§ **AIM OF THE EXERCISE**: Copy the entire listing, down to the final line, exactly.

§ **TASK INPUT**:
________________________

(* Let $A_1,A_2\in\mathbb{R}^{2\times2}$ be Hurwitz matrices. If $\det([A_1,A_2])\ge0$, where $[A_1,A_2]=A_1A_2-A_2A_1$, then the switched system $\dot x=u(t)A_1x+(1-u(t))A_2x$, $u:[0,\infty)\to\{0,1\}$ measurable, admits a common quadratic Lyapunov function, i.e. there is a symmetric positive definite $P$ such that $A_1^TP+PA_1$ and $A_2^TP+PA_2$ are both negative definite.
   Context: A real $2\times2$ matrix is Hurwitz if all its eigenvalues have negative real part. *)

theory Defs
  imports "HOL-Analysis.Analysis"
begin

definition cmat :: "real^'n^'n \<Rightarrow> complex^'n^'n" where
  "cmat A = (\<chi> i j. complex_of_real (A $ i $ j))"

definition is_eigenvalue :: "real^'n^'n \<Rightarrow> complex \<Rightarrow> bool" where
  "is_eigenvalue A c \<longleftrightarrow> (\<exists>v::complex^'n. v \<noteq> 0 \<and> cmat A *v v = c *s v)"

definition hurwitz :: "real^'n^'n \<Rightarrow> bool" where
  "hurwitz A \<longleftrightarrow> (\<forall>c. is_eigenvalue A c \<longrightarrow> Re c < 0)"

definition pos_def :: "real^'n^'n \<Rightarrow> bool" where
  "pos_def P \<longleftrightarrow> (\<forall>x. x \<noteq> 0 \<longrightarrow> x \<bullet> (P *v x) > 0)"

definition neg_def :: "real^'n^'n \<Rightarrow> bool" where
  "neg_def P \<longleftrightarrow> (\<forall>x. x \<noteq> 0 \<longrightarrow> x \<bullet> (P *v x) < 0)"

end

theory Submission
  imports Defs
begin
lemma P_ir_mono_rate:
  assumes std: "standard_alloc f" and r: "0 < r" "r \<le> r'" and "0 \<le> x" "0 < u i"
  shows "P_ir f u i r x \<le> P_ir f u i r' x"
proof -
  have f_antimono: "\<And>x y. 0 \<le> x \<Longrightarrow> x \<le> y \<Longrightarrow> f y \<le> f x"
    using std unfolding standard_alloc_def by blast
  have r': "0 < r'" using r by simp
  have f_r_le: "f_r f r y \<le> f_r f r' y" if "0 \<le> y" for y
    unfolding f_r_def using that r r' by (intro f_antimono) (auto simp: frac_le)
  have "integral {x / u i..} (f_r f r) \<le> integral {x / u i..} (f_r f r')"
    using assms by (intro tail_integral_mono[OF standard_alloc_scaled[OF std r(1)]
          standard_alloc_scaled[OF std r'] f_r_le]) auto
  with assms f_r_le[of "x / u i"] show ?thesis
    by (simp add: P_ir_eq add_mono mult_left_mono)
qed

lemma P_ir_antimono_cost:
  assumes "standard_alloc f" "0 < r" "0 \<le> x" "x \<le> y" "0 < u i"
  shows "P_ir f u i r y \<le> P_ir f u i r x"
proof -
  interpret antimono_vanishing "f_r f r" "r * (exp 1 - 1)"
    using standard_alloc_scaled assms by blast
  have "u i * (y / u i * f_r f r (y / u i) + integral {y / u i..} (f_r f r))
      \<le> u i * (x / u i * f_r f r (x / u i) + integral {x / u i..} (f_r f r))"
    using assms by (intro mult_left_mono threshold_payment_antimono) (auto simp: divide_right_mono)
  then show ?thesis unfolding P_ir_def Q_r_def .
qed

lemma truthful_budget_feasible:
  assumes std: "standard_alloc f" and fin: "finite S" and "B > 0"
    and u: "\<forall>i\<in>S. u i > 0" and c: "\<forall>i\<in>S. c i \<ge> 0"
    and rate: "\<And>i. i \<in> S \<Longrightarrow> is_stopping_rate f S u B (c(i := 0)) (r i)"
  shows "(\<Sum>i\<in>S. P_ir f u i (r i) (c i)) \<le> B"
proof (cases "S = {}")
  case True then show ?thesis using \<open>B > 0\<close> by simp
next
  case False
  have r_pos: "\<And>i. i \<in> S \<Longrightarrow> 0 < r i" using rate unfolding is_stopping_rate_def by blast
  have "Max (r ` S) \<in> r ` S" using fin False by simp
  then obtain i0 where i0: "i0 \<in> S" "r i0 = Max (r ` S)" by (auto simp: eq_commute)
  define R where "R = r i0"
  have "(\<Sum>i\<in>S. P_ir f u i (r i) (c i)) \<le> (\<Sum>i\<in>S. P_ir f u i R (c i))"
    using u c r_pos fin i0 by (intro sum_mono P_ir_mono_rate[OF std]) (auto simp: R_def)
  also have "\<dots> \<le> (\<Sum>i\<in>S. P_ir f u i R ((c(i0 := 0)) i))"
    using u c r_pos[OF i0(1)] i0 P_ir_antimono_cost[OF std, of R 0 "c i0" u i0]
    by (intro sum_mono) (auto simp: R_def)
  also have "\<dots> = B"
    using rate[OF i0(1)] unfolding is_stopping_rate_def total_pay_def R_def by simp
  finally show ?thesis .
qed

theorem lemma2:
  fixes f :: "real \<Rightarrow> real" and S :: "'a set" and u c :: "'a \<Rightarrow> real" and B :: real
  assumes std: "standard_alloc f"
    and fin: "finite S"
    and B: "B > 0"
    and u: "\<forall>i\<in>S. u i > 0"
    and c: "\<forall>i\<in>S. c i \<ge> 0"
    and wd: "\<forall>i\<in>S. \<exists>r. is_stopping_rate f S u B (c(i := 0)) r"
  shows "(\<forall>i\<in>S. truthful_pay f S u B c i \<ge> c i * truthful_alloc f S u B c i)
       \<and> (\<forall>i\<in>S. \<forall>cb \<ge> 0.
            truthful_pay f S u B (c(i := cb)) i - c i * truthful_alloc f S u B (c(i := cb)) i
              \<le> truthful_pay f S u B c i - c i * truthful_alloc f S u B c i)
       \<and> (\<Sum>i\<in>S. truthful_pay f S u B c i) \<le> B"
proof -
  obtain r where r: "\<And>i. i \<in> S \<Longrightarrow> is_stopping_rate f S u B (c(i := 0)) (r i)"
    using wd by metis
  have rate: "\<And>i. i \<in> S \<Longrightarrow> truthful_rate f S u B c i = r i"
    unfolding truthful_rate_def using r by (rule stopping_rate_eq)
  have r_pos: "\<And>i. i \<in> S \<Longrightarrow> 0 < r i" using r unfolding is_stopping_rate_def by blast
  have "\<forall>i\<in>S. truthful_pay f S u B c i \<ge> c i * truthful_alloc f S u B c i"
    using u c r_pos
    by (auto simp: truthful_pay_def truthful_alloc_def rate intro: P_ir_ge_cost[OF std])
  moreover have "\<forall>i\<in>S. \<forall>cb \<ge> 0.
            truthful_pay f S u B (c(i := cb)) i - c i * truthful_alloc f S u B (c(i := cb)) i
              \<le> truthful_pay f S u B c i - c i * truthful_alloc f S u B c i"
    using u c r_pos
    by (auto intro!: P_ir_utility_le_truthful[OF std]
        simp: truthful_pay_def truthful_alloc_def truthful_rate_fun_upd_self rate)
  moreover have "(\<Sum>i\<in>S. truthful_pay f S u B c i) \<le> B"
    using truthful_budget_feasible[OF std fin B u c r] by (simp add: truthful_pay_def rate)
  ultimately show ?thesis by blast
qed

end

________________________

§ **TASK SOLUTION**:
(* Let $A_1,A_2\in\mathbb{R}^{2\times2}$ be Hurwitz matrices. If $\det([A_1,A_2])\ge0$, where $[A_1,A_2]=A_1A_2-A_2A_1$, then the switched system $\dot x=u(t)A_1x+(1-u(t))A_2x$, $u:[0,\infty)\to\{0,1\}$ measurable, admits a common quadratic Lyapunov function, i.e. there is a symmetric positive definite $P$ such that $A_1^TP+PA_1$ and $A_2^TP+PA_2$ are both negative definite.
   Context: A real $2\times2$ matrix is Hurwitz if all its eigenvalues have negative real part. *)

theory Defs
  imports "HOL-Analysis.Analysis"
begin

definition cmat :: "real^'n^'n \<Rightarrow> complex^'n^'n" where
  "cmat A = (\<chi> i j. complex_of_real (A $ i $ j))"

definition is_eigenvalue :: "real^'n^'n \<Rightarrow> complex \<Rightarrow> bool" where
  "is_eigenvalue A c \<longleftrightarrow> (\<exists>v::complex^'n. v \<noteq> 0 \<and> cmat A *v v = c *s v)"

definition hurwitz :: "real^'n^'n \<Rightarrow> bool" where
  "hurwitz A \<longleftrightarrow> (\<forall>c. is_eigenvalue A c \<longrightarrow> Re c < 0)"

definition pos_def :: "real^'n^'n \<Rightarrow> bool" where
  "pos_def P \<longleftrightarrow> (\<forall>x. x \<noteq> 0 \<longrightarrow> x \<bullet> (P *v x) > 0)"

definition neg_def :: "real^'n^'n \<Rightarrow> bool" where
  "neg_def P \<longleftrightarrow> (\<forall>x. x \<noteq> 0 \<longrightarrow> x \<bullet> (P *v x) < 0)"

end

theory Submission
  imports Defs
begin
lemma P_ir_mono_rate:
  assumes std: "standard_alloc f" and r: "0 < r" "r \<le> r'" and "0 \<le> x" "0 < u i"
  shows "P_ir f u i r x \<le> P_ir f u i r' x"
proof -
  have f_antimono: "\<And>x y. 0 \<le> x \<Longrightarrow> x \<le> y \<Longrightarrow> f y \<le> f x"
    using std unfolding standard_alloc_def by blast
  have r': "0 < r'" using r by simp
  have f_r_le: "f_r f r y \<le> f_r f r' y" if "0 \<le> y" for y
    unfolding f_r_def using that r r' by (intro f_antimono) (auto simp: frac_le)
  have "integral {x / u i..} (f_r f r) \<le> integral {x / u i..} (f_r f r')"
    using assms by (intro tail_integral_mono[OF standard_alloc_scaled[OF std r(1)]
          standard_alloc_scaled[OF std r'] f_r_le]) auto
  with assms f_r_le[of "x / u i"] show ?thesis
    by (simp add: P_ir_eq add_mono mult_left_mono)
qed

lemma P_ir_antimono_cost:
  assumes "standard_alloc f" "0 < r" "0 \<le> x" "x \<le> y" "0 < u i"
  shows "P_ir f u i r y \<le> P_ir f u i r x"
proof -
  interpret antimono_vanishing "f_r f r" "r * (exp 1 - 1)"
    using standard_alloc_scaled assms by blast
  have "u i * (y / u i * f_r f r (y / u i) + integral {y / u i..} (f_r f r))
      \<le> u i * (x / u i * f_r f r (x / u i) + integral {x / u i..} (f_r f r))"
    using assms by (intro mult_left_mono threshold_payment_antimono) (auto simp: divide_right_mono)
  then show ?thesis unfolding P_ir_def Q_r_def .
qed

lemma truthful_budget_feasible:
  assumes std: "standard_alloc f" and fin: "finite S" and "B > 0"
    and u: "\<forall>i\<in>S. u i > 0" and c: "\<forall>i\<in>S. c i \<ge> 0"
    and rate: "\<And>i. i \<in> S \<Longrightarrow> is_stopping_rate f S u B (c(i := 0)) (r i)"
  shows "(\<Sum>i\<in>S. P_ir f u i (r i) (c i)) \<le> B"
proof (cases "S = {}")
  case True then show ?thesis using \<open>B > 0\<close> by simp
next
  case False
  have r_pos: "\<And>i. i \<in> S \<Longrightarrow> 0 < r i" using rate unfolding is_stopping_rate_def by blast
  have "Max (r ` S) \<in> r ` S" using fin False by simp
  then obtain i0 where i0: "i0 \<in> S" "r i0 = Max (r ` S)" by (auto simp: eq_commute)
  define R where "R = r i0"
  have "(\<Sum>i\<in>S. P_ir f u i (r i) (c i)) \<le> (\<Sum>i\<in>S. P_ir f u i R (c i))"
    using u c r_pos fin i0 by (intro sum_mono P_ir_mono_rate[OF std]) (auto simp: R_def)
  also have "\<dots> \<le> (\<Sum>i\<in>S. P_ir f u i R ((c(i0 := 0)) i))"
    using u c r_pos[OF i0(1)] i0 P_ir_antimono_cost[OF std, of R 0 "c i0" u i0]
    by (intro sum_mono) (auto simp: R_def)
  also have "\<dots> = B"
    using rate[OF i0(1)] unfolding is_stopping_rate_def total_pay_def R_def by simp
  finally show ?thesis .
qed

theorem lemma2:
  fixes f :: "real \<Rightarrow> real" and S :: "'a set" and u c :: "'a \<Rightarrow> real" and B :: real
  assumes std: "standard_alloc f"
    and fin: "finite S"
    and B: "B > 0"
    and u: "\<forall>i\<in>S. u i > 0"
    and c: "\<forall>i\<in>S. c i \<ge> 0"
    and wd: "\<forall>i\<in>S. \<exists>r. is_stopping_rate f S u B (c(i := 0)) r"
  shows "(\<forall>i\<in>S. truthful_pay f S u B c i \<ge> c i * truthful_alloc f S u B c i)
       \<and> (\<forall>i\<in>S. \<forall>cb \<ge> 0.
            truthful_pay f S u B (c(i := cb)) i - c i * truthful_alloc f S u B (c(i := cb)) i
              \<le> truthful_pay f S u B c i - c i * truthful_alloc f S u B c i)
       \<and> (\<Sum>i\<in>S. truthful_pay f S u B c i) \<le> B"
proof -
  obtain r where r: "\<And>i. i \<in> S \<Longrightarrow> is_stopping_rate f S u B (c(i := 0)) (r i)"
    using wd by metis
  have rate: "\<And>i. i \<in> S \<Longrightarrow> truthful_rate f S u B c i = r i"
    unfolding truthful_rate_def using r by (rule stopping_rate_eq)
  have r_pos: "\<And>i. i \<in> S \<Longrightarrow> 0 < r i" using r unfolding is_stopping_rate_def by blast
  have "\<forall>i\<in>S. truthful_pay f S u B c i \<ge> c i * truthful_alloc f S u B c i"
    using u c r_pos
    by (auto simp: truthful_pay_def truthful_alloc_def rate intro: P_ir_ge_cost[OF std])
  moreover have "\<forall>i\<in>S. \<forall>cb \<ge> 0.
            truthful_pay f S u B (c(i := cb)) i - c i * truthful_alloc f S u B (c(i := cb)) i
              \<le> truthful_pay f S u B c i - c i * truthful_alloc f S u B c i"
    using u c r_pos
    by (auto intro!: P_ir_utility_le_truthful[OF std]
        simp: truthful_pay_def truthful_alloc_def truthful_rate_fun_upd_self rate)
  moreover have "(\<Sum>i\<in>S. truthful_pay f S u B c i) \<le> B"
    using truthful_budget_feasible[OF std fin B u c r] by (simp add: truthful_pay_def rate)
  ultimately show ?thesis by blast
qed

end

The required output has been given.